(Stored items)
--- START ---

lemma gauge_closure_dominated_limit:
  assumes S: "S \<subseteq> X" and gs: "\<And>n. gs n \<in> gauge_closure S" and g: "g \<in> X" and z: "z \<in> X"
    and dominated: "\<And>n. AE \<omega> in M. \<bar>gs n \<omega> - g \<omega>\<bar> \<le> z \<omega>"
    and lim: "AE \<omega> in M. (\<lambda>n. gs n \<omega>) \<longlonglongrightarrow> g \<omega>"
  shows "g \<in> gauge_closure S"
  unfolding gauge_closure_def
proof (intro CollectI conjI allI impI g)
  have gsX: "gs n \<in> X" for n
    using gs gauge_closure_subset_ideal by auto
  fix J and \<epsilon> :: real assume J: "finite J \<and> J \<subseteq> I \<and> 0 < \<epsilon>"
  have tendsto: "(\<lambda>n. p i (\<lambda>\<omega>. gs n \<omega> - g \<omega>)) \<longlonglongrightarrow> 0" if "i \<in> J" for i
  proof (rule gauge_dominated_tendsto[of i "\<lambda>n \<omega>. gs n \<omega> - g \<omega>" z])
    show "i \<in> I"
      using J that by auto
    show "(\<lambda>\<omega>. gs n \<omega> - g \<omega>) \<in> X" for n
      using gsX g by (rule ideal_diff[OF ideal])
    show "AE \<omega> in M. (\<lambda>n. gs n \<omega> - g \<omega>) \<longlonglongrightarrow> 0"
      using lim by eventually_elim (rule LIM_zero)
  qed (use z dominated in auto)
  have "\<forall>\<^sub>F n in sequentially. \<forall>i\<in>J. p i (\<lambda>\<omega>. gs n \<omega> - g \<omega>) < \<epsilon> / 2"
  proof (intro eventually_ball_finite ballI)
    fix i assume "i \<in> J"
    have "0 < \<epsilon> / 2"
      using J by simp
    from order_tendstoD(2)[OF tendsto[OF \<open>i \<in> J\<close>] this]
    show "\<forall>\<^sub>F n in sequentially. p i (\<lambda>\<omega>. gs n \<omega> - g \<omega>) < \<epsilon> / 2" .
  qed (use J in simp)
  then obtain N where N: "\<forall>i\<in>J. p i (\<lambda>\<omega>. gs N \<omega> - g \<omega>) < \<epsilon> / 2"
    using eventually_sequentially by auto
  have J': "finite J" "J \<subseteq> I" "0 < \<epsilon> / 2"
    using J by auto
  obtain u where u: "u \<in> S" "\<forall>i\<in>J. p i (\<lambda>\<omega>. u \<omega> - gs N \<omega>) < \<epsilon> / 2"
    using gauge_closureD[OF gs J'] by blast
  have close: "p i (\<lambda>\<omega>. u \<omega> - g \<omega>) < \<epsilon>" if "i \<in> J" for i
  proof -
    have "p i (\<lambda>\<omega>. u \<omega> - g \<omega>) \<le> p i (\<lambda>\<omega>. u \<omega> - gs N \<omega>) + p i (\<lambda>\<omega>. gs N \<omega> - g \<omega>)"
      using J that S u(1) gsX g by (intro gauge_diff_add) auto
    moreover have "p i (\<lambda>\<omega>. u \<omega> - gs N \<omega>) < \<epsilon> / 2" "p i (\<lambda>\<omega>. gs N \<omega> - g \<omega>) < \<epsilon> / 2"
      using u(2) N that by auto
    ultimately show ?thesis
      by linarith
  qed
  show "\<exists>w\<in>S. \<forall>i\<in>J. p i (\<lambda>\<omega>. w \<omega> - g \<omega>) < \<epsilon>"
    using u(1) close by (intro bexI[of _ u] ballI)
qed

lemma ideal_subset_gauge_closure_O_span:
  assumes const: "\<forall>c. (\<lambda>_. c) \<in> X" and f: "f \<in> X" and sig: "sigma_gen_completed M f = sets M"
  shows "X \<subseteq> gauge_closure (O_span f)"
proof (rule dominated_limit_closed.ideal_subset[OF _ sig])
  have O_span_X: "O_span f \<subseteq> X"
    using O_span_subset_ideal[OF ideal const f] .
  show "dominated_limit_closed M X (gauge_closure (O_span f)) f"
  proof
    show "f \<in> borel_measurable M"
      using ideal_measurable[OF ideal f] .
    show "(\<lambda>\<omega>. u \<omega> + v \<omega>) \<in> gauge_closure (O_span f)"
      if "u \<in> gauge_closure (O_span f)" "v \<in> gauge_closure (O_span f)" for u v
      using O_span_X O_span_add that by (rule gauge_closure_add)
    show "(\<lambda>\<omega>. a * u \<omega>) \<in> gauge_closure (O_span f)" if "u \<in> gauge_closure (O_span f)" for a u
      using O_span_X O_span_scale that by (rule gauge_closure_scale)
    show "g \<in> gauge_closure (O_span f)"
      if "\<And>n. gs n \<in> gauge_closure (O_span f)" "g \<in> X" "z \<in> X"
        "\<And>n. AE \<omega> in M. \<bar>gs n \<omega> - g \<omega>\<bar> \<le> z \<omega>" "AE \<omega> in M. (\<lambda>n. gs n \<omega>) \<longlonglongrightarrow> g \<omega>"
      for gs g z
      using O_span_X that by (rule gauge_closure_dominated_limit)
  qed (use ideal const O_span_X gauge_closure_subset_ideal subset_gauge_closure in auto)
qed

end

lemma generate_topology_on_functionals_nbhd:
  fixes F :: "('b \<Rightarrow> real) set"
  assumes "generate_topology_on (insert X {{x \<in> X. \<phi> x \<in> U} | \<phi> U. \<phi> \<in> F \<and> open U}) T"
    and "g \<in> T"
  shows "\<exists>\<Phi> e. finite \<Phi> \<and> \<Phi> \<subseteq> F \<and> 0 < e \<and> (\<forall>y\<in>X. (\<forall>\<phi>\<in>\<Phi>. \<bar>\<phi> y - \<phi> g\<bar> < e) \<longrightarrow> y \<in> T)"
  using assms
proof induction
  case Empty
  then show ?case by simp
next
  case (Int T1 T2)
  from Int.prems have "g \<in> T1" "g \<in> T2" by auto
  from Int.IH(1)[OF \<open>g \<in> T1\<close>] Int.IH(2)[OF \<open>g \<in> T2\<close>] obtain \<Phi>1 e1 \<Phi>2 e2 where
    1: "finite \<Phi>1" "\<Phi>1 \<subseteq> F" "0 < e1" "\<forall>y\<in>X. (\<forall>\<phi>\<in>\<Phi>1. \<bar>\<phi> y - \<phi> g\<bar> < e1) \<longrightarrow> y \<in> T1" and
    2: "finite \<Phi>2" "\<Phi>2 \<subseteq> F" "0 < e2" "\<forall>y\<in>X. (\<forall>\<phi>\<in>\<Phi>2. \<bar>\<phi> y - \<phi> g\<bar> < e2) \<longrightarrow> y \<in> T2"
    by blast
  have "\<forall>y\<in>X. (\<forall>\<phi>\<in>\<Phi>1 \<union> \<Phi>2. \<bar>\<phi> y - \<phi> g\<bar> < min e1 e2) \<longrightarrow> y \<in> T1 \<inter> T2"
    using 1(4) 2(4) by simp
  with 1(1-3) 2(1-3) show ?case
    by (intro exI[of _ "\<Phi>1 \<union> \<Phi>2"] exI[of _ "min e1 e2"]) simp
next
  case (UN K)
  then obtain T' where T': "T' \<in> K" "g \<in> T'"
    by blast
  from UN.IH[OF T'] obtain \<Phi> e where "finite \<Phi>" "\<Phi> \<subseteq> F" "0 < e"
    "\<forall>y\<in>X. (\<forall>\<phi>\<in>\<Phi>. \<bar>\<phi> y - \<phi> g\<bar> < e) \<longrightarrow> y \<in> T'"
    by blast
  moreover have "T' \<subseteq> \<Union>K"
    using T'(1) by blast
  ultimately show ?case
    by (intro exI[of _ \<Phi>] exI[of _ e]) blast
next
  case (Basis T)
  show ?case
  proof (cases "T = X")
    case True
    then show ?thesis by (intro exI[of _ "{}"] exI[of _ 1]) auto
  next
    case False
    with Basis.hyps obtain \<phi> U where T: "T = {x \<in> X. \<phi> x \<in> U}" "\<phi> \<in> F" "open U"
      by auto
    with Basis.prems obtain e where e: "0 < e" "\<And>t. dist t (\<phi> g) < e \<Longrightarrow> t \<in> U"
      unfolding open_dist by blast
    then have "\<forall>y\<in>X. (\<forall>\<psi>\<in>{\<phi>}. \<bar>\<psi> y - \<psi> g\<bar> < e) \<longrightarrow> y \<in> T"
      unfolding T(1) by (simp add: dist_real_def)
    with T(2) e(1) show ?thesis
      by (intro exI[of _ "{\<phi>}"] exI[of _ e]) simp
  qed
qed

lemma closure_of_functionals_topology_eq:
  fixes F :: "('b \<Rightarrow> real) set"
  assumes "S \<subseteq> X"
    and dense: "\<And>g \<Phi> e. g \<in> X \<Longrightarrow> finite \<Phi> \<Longrightarrow> \<Phi> \<subseteq> F \<Longrightarrow> 0 < e \<Longrightarrow> \<exists>u\<in>S. \<forall>\<phi>\<in>\<Phi>. \<bar>\<phi> u - \<phi> g\<bar> < e"
  shows "topology_generated_by (insert X {{x \<in> X. \<phi> x \<in> U} | \<phi> U. \<phi> \<in> F \<and> open U}) closure_of S = X"
    (is "?T closure_of S = X")
proof
  have topspace: "topspace ?T = X"
    unfolding topology_generated_by_topspace by blast
  show "?T closure_of S \<subseteq> X"
    using closure_of_subset_topspace[of ?T S] unfolding topspace .
  show "X \<subseteq> ?T closure_of S"
  proof
    fix g assume g: "g \<in> X"
    have "\<exists>u. u \<in> S \<and> u \<in> T" if T: "g \<in> T" "openin ?T T" for T
    proof -
      have "generate_topology_on (insert X {{x \<in> X. \<phi> x \<in> U} | \<phi> U. \<phi> \<in> F \<and> open U}) T"
        using T(2) by (rule openin_topology_generated_by)
      from generate_topology_on_functionals_nbhd[OF this T(1)] obtain \<Phi> e where
        "finite \<Phi>" "\<Phi> \<subseteq> F" "0 < e" and nbhd: "\<forall>y\<in>X. (\<forall>\<phi>\<in>\<Phi>. \<bar>\<phi> y - \<phi> g\<bar> < e) \<longrightarrow> y \<in> T"
        by blast
      with dense[OF g] obtain u where "u \<in> S" "\<forall>\<phi>\<in>\<Phi>. \<bar>\<phi> u - \<phi> g\<bar> < e"
        by blast
      with nbhd \<open>S \<subseteq> X\<close> show ?thesis
        by blast
    qed
    with g show "g \<in> ?T closure_of S"
      unfolding in_closure_of topspace by blast
  qed
qed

--- END ---

Task objective:
Your answer should consist only of the lines above between the line holding "unfolding open_dist by blast" and the line holding "with g show", inclusive, each transcribed exactly.

Completed task:
      unfolding open_dist by blast
    then have "\<forall>y\<in>X. (\<forall>\<psi>\<in>{\<phi>}. \<bar>\<psi> y - \<psi> g\<bar> < e) \<longrightarrow> y \<in> T"
      unfolding T(1) by (simp add: dist_real_def)
    with T(2) e(1) show ?thesis
      by (intro exI[of _ "{\<phi>}"] exI[of _ e]) simp
  qed
qed

lemma closure_of_functionals_topology_eq:
  fixes F :: "('b \<Rightarrow> real) set"
  assumes "S \<subseteq> X"
    and dense: "\<And>g \<Phi> e. g \<in> X \<Longrightarrow> finite \<Phi> \<Longrightarrow> \<Phi> \<subseteq> F \<Longrightarrow> 0 < e \<Longrightarrow> \<exists>u\<in>S. \<forall>\<phi>\<in>\<Phi>. \<bar>\<phi> u - \<phi> g\<bar> < e"
  shows "topology_generated_by (insert X {{x \<in> X. \<phi> x \<in> U} | \<phi> U. \<phi> \<in> F \<and> open U}) closure_of S = X"
    (is "?T closure_of S = X")
proof
  have topspace: "topspace ?T = X"
    unfolding topology_generated_by_topspace by blast
  show "?T closure_of S \<subseteq> X"
    using closure_of_subset_topspace[of ?T S] unfolding topspace .
  show "X \<subseteq> ?T closure_of S"
  proof
    fix g assume g: "g \<in> X"
    have "\<exists>u. u \<in> S \<and> u \<in> T" if T: "g \<in> T" "openin ?T T" for T
    proof -
      have "generate_topology_on (insert X {{x \<in> X. \<phi> x \<in> U} | \<phi> U. \<phi> \<in> F \<and> open U}) T"
        using T(2) by (rule openin_topology_generated_by)
      from generate_topology_on_functionals_nbhd[OF this T(1)] obtain \<Phi> e where
        "finite \<Phi>" "\<Phi> \<subseteq> F" "0 < e" and nbhd: "\<forall>y\<in>X. (\<forall>\<phi>\<in>\<Phi>. \<bar>\<phi> y - \<phi> g\<bar> < e) \<longrightarrow> y \<in> T"
        by blast
      with dense[OF g] obtain u where "u \<in> S" "\<forall>\<phi>\<in>\<Phi>. \<bar>\<phi> u - \<phi> g\<bar> < e"
        by blast
      with nbhd \<open>S \<subseteq> X\<close> show ?thesis
        by blast
    qed
    with g show "g \<in> ?T closure_of S"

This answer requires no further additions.